I also love the freedom of mini-snowballing on the debt. Besides the one monthly payment, I can now very easily transfer $20 here and $90 there, depending on what is remaining in an account after a given budget period. Before we consolidated, those discretionary amounts would end up in our checking account or going to (what felt like constantly) some small bill without making any overall progress.

How did our story end? Stay tuned for the update to see if it panned out a year later!

Have you ever consolidated your debt or “gone into more debt” to get out of debt? Did it work for you?

15 thoughts on “How Much Would You Pay for a Debt Free Date?

  1. Months ago when I set down and made an action plan to get rid of my debt, I looked into consolidation because numerous people said it was cheaper for them. Research and planning later, I found out that consolidating my loans would cost me more. I’m doing the same thing as you though, online checking my balances & interests, paying here and there instead of once a month (it works great).

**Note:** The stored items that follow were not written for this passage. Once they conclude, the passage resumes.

lemmas sign_normalize = mult.assoc sgn_mult_sgn sgn_to_front

lemma S_unit: "(\<Sum>b\<in>UNIV. u b * S b d) = u d"
proof -
  let ?A = "\<lambda>a. \<Sum>b\<in>UNIV. \<Sum>c\<in>UNIV. \<Sum>k\<in>UNIV. mu a b c * S b k * m d k c"
  have "(\<Sum>a\<in>UNIV. u a * ?A a) = (\<Sum>a\<in>UNIV. u a * eps a) * u d"
    by (simp only: antipode_left) (simp add: sum_distrib_right mult.assoc)
  then have lhs: "(\<Sum>a\<in>UNIV. u a * ?A a) = u d"
    by (simp add: counit_unit)
  have "(\<Sum>a\<in>UNIV. u a * ?A a) = (\<Sum>b\<in>UNIV. \<Sum>c\<in>UNIV. \<Sum>k\<in>UNIV. S b k * m d k c * (\<Sum>a\<in>UNIV. u a * mu a b c))"
    by ((simp only: sum_distrib_left sum_distrib_right)?, simp only: sum_product_UNIV,
        rule sum_UNIV_reindex_cong[of "\<lambda>(b, c, k, a). (a, b, c, k)" "\<lambda>(a, b, c, k). (b, c, k, a)"])
      (auto simp: mult_ac)
  also have "\<dots> = (\<Sum>k\<in>UNIV. (\<Sum>b\<in>UNIV. u b * S b k) * (\<Sum>c\<in>UNIV. u c * m d k c))"
    unfolding comult_unit
    by ((simp only: sum_distrib_left sum_distrib_right)?, simp only: sum_product_UNIV,
        rule sum_UNIV_reindex_cong[of "\<lambda>(k, c, b). (b, c, k)" "\<lambda>(b, c, k). (k, c, b)"]) (auto simp: mult_ac)
  also have "\<dots> = (\<Sum>b\<in>UNIV. u b * S b d)"
    by (simp add: unit_right kron_simps)
  finally show ?thesis
    using lhs by simp
qed

text \<open>The commutator of Sinv with the parity operator is annihilated by S, because S is even.\<close>

lemma Sinv_even: "Sinv x y \<noteq> 0 \<Longrightarrow> even (deg x + deg y)"
proof -
  define comm where "comm k b = sgn (deg k) * Sinv k b - Sinv k b * sgn (deg b)" for k b
  have S_comm: "(\<Sum>k\<in>UNIV. S c k * comm k b) = 0" for c b
  proof -
    have S_parity: "S c k * (sgn (deg k) * Sinv k b) = sgn (deg c) * (S c k * Sinv k b)" for k
      by (cases "S c k = 0") (auto simp: sgn_if dest!: S_even)
    have "(\<Sum>k\<in>UNIV. S c k * (sgn (deg k) * Sinv k b)) = sgn (deg c) * kron c b"
      unfolding S_parity by (simp add: sum_distrib_left[symmetric] S_Sinv)
    moreover have "(\<Sum>k\<in>UNIV. S c k * (Sinv k b * sgn (deg b))) = kron c b * sgn (deg b)"
      by (simp add: sum_distrib_right[symmetric] S_Sinv mult.assoc[symmetric])
    ultimately show ?thesis
      unfolding comm_def by (simp add: right_diff_distrib sum_subtractf kron_def)
  qed
  have "(\<Sum>c\<in>UNIV. Sinv x c * (\<Sum>k\<in>UNIV. S c k * comm k y)) = (\<Sum>k\<in>UNIV. (\<Sum>c\<in>UNIV. Sinv x c * S c k) * comm k y)"
    by ((simp only: sum_distrib_left sum_distrib_right)?, simp only: sum_product_UNIV,
        rule sum_UNIV_reindex_cong[of "\<lambda>(k, c). (c, k)" "\<lambda>(c, k). (k, c)"]) (auto simp: mult_ac)
  then have "comm x y = 0"
    by (simp add: S_comm Sinv_S kron_simps)
  moreover assume "Sinv x y \<noteq> 0"
  ultimately have "sgn (deg x) = sgn (deg y)"
    by (simp add: comm_def)
  then show ?thesis
    by (simp add: sgn_eq_iff)
qed

lemmas nonzero_even = m_even mu_even u_even eps_even S_even Sinv_even

text \<open>Convolution of bilinear maps A \<otimes> A \<rightarrow> A, where A \<otimes> A carries the graded tensor product
  coalgebra structure.\<close>

definition conv :: "('i \<Rightarrow> 'i \<Rightarrow> 'i \<Rightarrow> complex) \<Rightarrow> ('i \<Rightarrow> 'i \<Rightarrow> 'i \<Rightarrow> complex) \<Rightarrow> 'i \<Rightarrow> 'i \<Rightarrow> 'i \<Rightarrow> complex" where
  "conv H1 H2 x y j = (\<Sum>x1\<in>UNIV. \<Sum>x2\<in>UNIV. \<Sum>y1\<in>UNIV. \<Sum>y2\<in>UNIV. \<Sum>p\<in>UNIV. \<Sum>q\<in>UNIV.
     sgn (deg x2 * deg y1) * mu x x1 x2 * mu y y1 y2 * H1 x1 y1 p * H2 x2 y2 q * m j p q)"

definition conv_unit where
  "conv_unit x y j = eps x * eps y * u j"

lemma conv_assoc: "conv (conv H1 H2) H3 = conv H1 (conv H2 H3)"
proof (intro ext)
  fix x y j
  have H_sgn:
    "H1 x1 y1 z1 * (sgn w * c) = sgn w * (H1 x1 y1 z1 * c)" "H1 x1 y1 z1 * sgn w = sgn w * H1 x1 y1 z1"
    "H2 x1 y1 z1 * (sgn w * c) = sgn w * (H2 x1 y1 z1 * c)" "H2 x1 y1 z1 * sgn w = sgn w * H2 x1 y1 z1"
    "H3 x1 y1 z1 * (sgn w * c) = sgn w * (H3 x1 y1 z1 * c)" "H3 x1 y1 z1 * sgn w = sgn w * H3 x1 y1 z1"
    for x1 y1 z1 w c by (simp_all add: mult_ac)
  have "conv (conv H1 H2) H3 x y j = (\<Sum>x11\<in>UNIV. \<Sum>x12\<in>UNIV. \<Sum>x2\<in>UNIV. \<Sum>y11\<in>UNIV. \<Sum>y12\<in>UNIV. \<Sum>y2\<in>UNIV.
      \<Sum>p1\<in>UNIV. \<Sum>q1\<in>UNIV. \<Sum>q\<in>UNIV.
      sgn (deg x2 * (deg y11 + deg y12) + deg x12 * deg y11) * H1 x11 y11 p1 * H2 x12 y12 q1 * H3 x2 y2 q *
      (\<Sum>x1\<in>UNIV. mu x x1 x2 * mu x1 x11 x12) * (\<Sum>y1\<in>UNIV. mu y y1 y2 * mu y1 y11 y12) * (\<Sum>p\<in>UNIV. m p p1 q1 * m j p q))"
    unfolding conv_def
    by ((simp only: sum_distrib_left sum_distrib_right)?, simp only: sum_product_UNIV,
        rule sum_UNIV_reindex_cong[of "\<lambda>(x11, x12, x2, y11, y12, y2, p1, q1, q, p, y1, x1). (x1, x2, y1, y2, p, q, x11, x12, y11, y12, p1, q1)"
          "\<lambda>(x1, x2, y1, y2, p, q, x11, x12, y11, y12, p1, q1). (x11, x12, x2, y11, y12, y2, p1, q1, q, p, y1, x1)"],
        simp_all only: split_paired_all prod.case,
        rule sgn_0_cancel, simp only: sign_normalize H_sgn, rule sgn_mult_cong, simp add: mult_ac,
        (simp only: nonzero_factors)?, ((drule nonzero_even)+, simp only: parity_simps, argo?)?)
  also have "\<dots> = (\<Sum>x11\<in>UNIV. \<Sum>x12\<in>UNIV. \<Sum>x2\<in>UNIV. \<Sum>y11\<in>UNIV. \<Sum>y12\<in>UNIV. \<Sum>y2\<in>UNIV.
      \<Sum>p1\<in>UNIV. \<Sum>q1\<in>UNIV. \<Sum>q\<in>UNIV.
      sgn (deg x2 * (deg y11 + deg y12) + deg x12 * deg y11) * H1 x11 y11 p1 * H2 x12 y12 q1 * H3 x2 y2 q *
      (\<Sum>k\<in>UNIV. mu x x11 k * mu k x12 x2) * (\<Sum>k\<in>UNIV. mu y y11 k * mu k y12 y2) * (\<Sum>k\<in>UNIV. m k q1 q * m j p1 k))"
    by (simp only: coassoc m_assoc)
  also have "\<dots> = (\<Sum>a1\<in>UNIV. \<Sum>b1\<in>UNIV. \<Sum>c1\<in>UNIV. \<Sum>d1\<in>UNIV. \<Sum>e1\<in>UNIV. \<Sum>f1\<in>UNIV.
      \<Sum>p1\<in>UNIV. \<Sum>p2\<in>UNIV. \<Sum>p3\<in>UNIV. \<Sum>k1\<in>UNIV. \<Sum>k2\<in>UNIV. \<Sum>k3\<in>UNIV.
      sgn (deg c1 * deg d1 + deg c1 * deg e1 + deg b1 * deg d1) * mu x a1 k1 * mu k1 b1 c1 * mu y d1 k2 * mu k2 e1 f1 *
      H1 a1 d1 p1 * H2 b1 e1 p2 * H3 c1 f1 p3 * m k3 p2 p3 * m j p1 k3)"
    by ((simp only: sum_distrib_left sum_distrib_right)?, simp only: sum_product_UNIV,
        rule sum_UNIV_reindex_cong[of "\<lambda>(a1, b1, c1, d1, e1, f1, p1, p2, p3, k1, k2, k3). (a1, b1, c1, d1, e1, f1, p1, p2, p3, k3, k2, k1)"
          "\<lambda>(a1, b1, c1, d1, e1, f1, p1, p2, p3, k3, k2, k1). (a1, b1, c1, d1, e1, f1, p1, p2, p3, k1, k2, k3)"],
        simp_all only: split_paired_all prod.case,
        rule sgn_0_cancel, simp only: sign_normalize H_sgn, rule sgn_mult_cong, simp add: mult_ac,
        (simp only: nonzero_factors)?, ((drule nonzero_even)+, simp only: parity_simps, argo?)?)
  also have "\<dots> = conv H1 (conv H2 H3) x y j"
    unfolding conv_def
    by ((simp only: sum_distrib_left sum_distrib_right)?, simp only: sum_product_UNIV,
        rule sum_UNIV_reindex_cong[of "\<lambda>(a1, k1, d1, k2, p1, k3, b1, c1, e1, f1, p2, p3). (a1, b1, c1, d1, e1, f1, p1, p2, p3, k1, k2, k3)"
          "\<lambda>(a1, b1, c1, d1, e1, f1, p1, p2, p3, k1, k2, k3). (a1, k1, d1, k2, p1, k3, b1, c1, e1, f1, p2, p3)"],
        simp_all only: split_paired_all prod.case,
        rule sgn_0_cancel, simp only: sign_normalize H_sgn, rule sgn_mult_cong, simp add: mult_ac,
        (simp only: nonzero_factors)?, ((drule nonzero_even)+, simp only: parity_simps, argo?)?)
  finally show "conv (conv H1 H2) H3 x y j = conv H1 (conv H2 H3) x y j" .
qed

It was a deeply satisfying feeling when I logged on two weeks ago to one account and saw that since I’ve paid so much extra, I technically don’t owe anything for months! Needless to say, I’m still pouring more money into it and the due date is getting pushed back further. I wonder if at a point they’ll have to readjust what I’d owe every month, since I’m on continuing with this?

  2. I’ve done every home loan I’ve had through the same bank (or starting off with the same bank and taking into account acquisitions, which are inevitable in the banking industry). The big name plus the positive experiences have made this an easy strategy for me.

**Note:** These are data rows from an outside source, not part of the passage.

lemma convex_quad: "convex quad"
proof -
  have "quad = {0..} \<times> {0..}" by (auto simp: quad_def)
  then show ?thesis by (metis convex_Times convex_real_interval(1))
qed

definition local_density :: "real \<Rightarrow> (nat \<Rightarrow> real \<Rightarrow> real) \<Rightarrow> (real \<times> real \<Rightarrow> real) \<Rightarrow> real \<times> real \<Rightarrow> real"
  where "local_density \<epsilon> F h p = F 1 (fst p) + F 2 (snd p) + \<epsilon> * h p"

definition local_density_deriv ::
    "real \<Rightarrow> (nat \<Rightarrow> real \<Rightarrow> real) \<Rightarrow> (nat \<Rightarrow> real \<times> real \<Rightarrow> real) \<Rightarrow> nat \<Rightarrow> real \<times> real \<Rightarrow> real"
  where "local_density_deriv \<epsilon> dF dh k p = dF k (pc k p) + \<epsilon> * dh k p"

lemma continuous_on_quad_pc:
  assumes "continuous_on {0..} f"
  shows "continuous_on quad (\<lambda>p. f (pc k p))"
proof -
  have "continuous_on quad (\<lambda>p. f (fst p))" "continuous_on quad (\<lambda>p. f (snd p))"
    by (auto intro!: continuous_on_compose2[OF assms] continuous_intros simp: quad_def)
  then show ?thesis by (cases "k = 1") (simp_all add: pc_def)
qed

  3. Your first bullet of things to think about is the most important I think — “Do not refinance and then ring up more debt on the now-open credit cards.” In my experience, this is precisely what happens to the majority of people who go for a consolidation loan. After clearing their credit cards of debt, the spending party soon resumes and a few years down the road they’ve again got maxed out, high-interest credit card debt PLUS the consolidation loan. So you’re right–you’ve really got to commit to paying off debt, not making room for more debt, for a consolidation plan to work. This is why a Debt Management Plan often works better than consolidation. With a DMP, all of your credit card accounts are closed except one and you’re consulting with a certified credit counselor.

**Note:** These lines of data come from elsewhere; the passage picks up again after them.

(* For every positive integer $n$, the average value of the Wiener index over $\overline{\mathcal{G}}_n$ is $$W_{avr}(\overline{\mathcal{G}}_n)=\frac{1}{|\overline{\mathcal{G}}_n|}\sum_{G\in\overline{\mathcal{G}}_n}W(G)=18n^3+18n^2-9n.$$
   Context: The Wiener index is $W(G)=\sum_{\{u,v\}\subseteq V(G)}d_G(u,v)$, $d_G$ the shortest-path distance. A polyphenyl hexagonal chain $\overline{G}_n=\overline{H}_0\cdots\overline{H}_{n-1}$ with $n$ hexagons consists of pairwise vertex-disjoint hexagons (6-cycles) $\overline{H}_0,\dots,\overline{H}_{n-1}$ together with cut-edges: $\overline{G}_1=\overline{H}_0$, and for $k\ge1$, $\overline{G}_{k+1}$ is obtained from $\overline{G}_k$ by adding $\overline{H}_k$ and a cut-edge joining a vertex $c_k$ of $\overline{H}_k$ to a vertex $t_k$ of $\overline{H}_{k-1}$, with $t_k\ne c_{k-1}$ for $k\ge2$. For $1\le i\le n-2$ label $\overline{H}_i$ by $O$, $M$ or $P$ according as the distance in $\overline{H}_i$ between $c_i$ and $t_{i+1}$ is $1$, $2$ or $3$; the word $x_1\cdots x_{n-2}$ over $\{O,M,P\}$ is the code of the chain (empty if $n\le2$). The code determines the chain up to isomorphism, and a code and its reverse describe the same chain. $\overline{\mathcal{G}}_n$ denotes the set of all polyphenyl hexagonal chains with $n$ hexagons, i.e. one chain for each class of codes of length $n-2$ under identification of a word with its reverse (so $|\overline{\mathcal{G}}_n|=\frac12(3^{n-2}+3^{\lfloor (n-1)/2\rfloor})$ for $n\ge2$). *)

theory Defs
  imports Complex_Main
begin

definition graph_dist :: "('a \<times> 'a) set \<Rightarrow> 'a \<Rightarrow> 'a \<Rightarrow> nat" where
  "graph_dist E u v = (LEAST k. (u, v) \<in> E ^^ k)"

text \<open>Wiener index: sum of distances over unordered pairs of distinct vertices,
  written as half the sum over ordered pairs (distance is symmetric and d(u,u)=0).\<close>

definition wiener :: "'a set \<Rightarrow> ('a \<times> 'a) set \<Rightarrow> real" where
  "wiener V E = (\<Sum>u\<in>V. \<Sum>v\<in>V. real (graph_dist E u v)) / 2"

datatype letter = Ortho | Meta | Para

text \<open>Distance in a hexagon between c_i and t_(i+1) for the label of H_i.\<close>
fun letter_dist :: "letter \<Rightarrow> nat" where
  "letter_dist Ortho = 1" | "letter_dist Meta = 2" | "letter_dist Para = 3"

text \<open>Vertex (i,j) is vertex j of hexagon H_i, j < 6, vertices of H_i in cyclic order.\<close>
definition chain_vertices :: "nat \<Rightarrow> (nat \<times> nat) set" where
  "chain_vertices n = {0..<n} \<times> {0..<6}"

text \<open>Attachment vertex t_k (in H_(k-1)) for k \<ge> 1: t_1 is vertex 0 of H_0
  (any choice gives an isomorphic chain), and t_k for k \<ge> 2 is at distance
  letter_dist x_(k-1) from c_(k-1) = vertex 0 of H_(k-1). The code word
  x_1 ... x_(n-2) is the list xs, x_i = xs ! (i - 1).  c_k is vertex 0 of H_k.\<close>
definition attach :: "letter list \<Rightarrow> nat \<Rightarrow> nat" where
  "attach xs k = (if k \<le> 1 then 0 else letter_dist (xs ! (k - 2)))"

definition chain_edges0 :: "nat \<Rightarrow> letter list \<Rightarrow> ((nat \<times> nat) \<times> (nat \<times> nat)) set" where
  "chain_edges0 n xs =
     {((i, j), (i, (j + 1) mod 6)) | i j. i < n \<and> j < 6}
     \<union> {((k - 1, attach xs k), (k, 0)) | k. 1 \<le> k \<and> k < n}"

definition chain_edges :: "nat \<Rightarrow> letter list \<Rightarrow> ((nat \<times> nat) \<times> (nat \<times> nat)) set" where
  "chain_edges n xs = chain_edges0 n xs \<union> (chain_edges0 n xs)\<inverse>"

definition chain_wiener :: "nat \<Rightarrow> letter list \<Rightarrow> real" where
  "chain_wiener n xs = wiener (chain_vertices n) (chain_edges n xs)"

text \<open>The classes of codes of length n-2 under identification of a word with its reverse;
  the set of chains \<G>_n has one chain per class.\<close>
definition code_classes :: "nat \<Rightarrow> letter list set set" where
  "code_classes n = {{w, rev w} | w. length w = n - 2}"

definition avg_wiener :: "nat \<Rightarrow> real" where
  "avg_wiener n =
     (\<Sum>C\<in>code_classes n. chain_wiener n (SOME w. w \<in> C)) / real (card (code_classes n))"

end

theory Submission
  imports Defs
begin

text \<open>A geodesic between vertices of hexagons \<open>i < j\<close> leaves \<open>H\<^sub>i\<close> at \<open>t\<^sub>i\<^sub>+\<^sub>1\<close>, crosses every
  intermediate hexagon \<open>H\<^sub>k\<close> from \<open>c\<^sub>k\<close> to \<open>t\<^sub>k\<^sub>+\<^sub>1\<close> and enters \<open>H\<^sub>j\<close> at \<open>c\<^sub>j\<close>. Summing over all
  pairs, the Wiener index is \<open>27n + 72n(n - 1)\<close> plus \<open>36\<close> times the sum of the crossing lengths
  \<open>d(c\<^sub>k, t\<^sub>k\<^sub>+\<^sub>1) + 1\<close>, each weighted by the number \<open>k(n - 1 - k)\<close> of pairs of hexagons separated
  by \<open>H\<^sub>k\<close>. Reversing a code does not change this sum, and exchanging \<open>O\<close> with \<open>P\<close> turns every
  \<open>d(c\<^sub>k, t\<^sub>k\<^sub>+\<^sub>1)\<close> into \<open>4 - d(c\<^sub>k, t\<^sub>k\<^sub>+\<^sub>1)\<close>. So the exchange is an involution on the classes of codes
  under which the Wiener indices of a class and its image always add up to twice the claimed
  average.\<close>

definition hex_dist :: "nat \<Rightarrow> nat \<Rightarrow> nat" where
  "hex_dist a b = min (if a \<le> b then b - a else a - b) (6 - (if a \<le> b then b - a else a - b))"

lemma less_6_cases: "(a::nat) < 6 \<Longrightarrow> a = 0 \<or> a = 1 \<or> a = 2 \<or> a = 3 \<or> a = 4 \<or> a = 5"
  by auto

lemma hex_dist_self [simp]: "hex_dist a a = 0"
  by (simp add: hex_dist_def)

lemma hex_dist_commute: "hex_dist a b = hex_dist b a"
  by (simp add: hex_dist_def)

lemma hex_dist_succ_le: "a < 6 \<Longrightarrow> b < 6 \<Longrightarrow> hex_dist a ((b + 1) mod 6) \<le> hex_dist a b + 1"
  by (drule less_6_cases, drule less_6_cases, auto simp: hex_dist_def)

lemma hex_dist_le_succ: "a < 6 \<Longrightarrow> b < 6 \<Longrightarrow> hex_dist a b \<le> hex_dist a ((b + 1) mod 6) + 1"
  by (drule less_6_cases, drule less_6_cases, auto simp: hex_dist_def)

lemma hex_dist_step_back:
  "a < 6 \<Longrightarrow> b < 6 \<Longrightarrow> a \<noteq> b \<Longrightarrow>
    hex_dist a ((b + 5) mod 6) + 1 = hex_dist a b \<or> hex_dist a ((b + 1) mod 6) + 1 = hex_dist a b"
  by (drule less_6_cases, drule less_6_cases, auto simp: hex_dist_def)

lemma sum_hex_dist: "a < 6 \<Longrightarrow> (\<Sum>b<6. hex_dist a b) = 9"
  by (drule less_6_cases, auto simp: hex_dist_def numeral_eq_Suc)

lemma hex_dist_0: "a \<le> 3 \<Longrightarrow> hex_dist 0 a = a"
  by (auto simp: hex_dist_def)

  4. Once I finish schooling I will probably look and see if it’s possible to consolidate my student loans. They are all through a single vendor but are divided up into 6 different loans. It’ll be a lot easier to make payments if I can roll them all together.

  5. Once I finish schooling I will probably look and see if it’s possible to consolidate my student loans. They are all through a single vendor but are divided up into 6 different loans. It’ll be a lot easier to make payments if I can roll them all together.

  6. For the same reasons you listed I love the idea consolidation. We have some unsecured debt consolidated into a DMP program and I love that one payment goes towards like six things. It didn’t make sense to consolidate our other debts though since the interest rate was already so low- 4-5.5%. The key is having the self control to not rack it back up!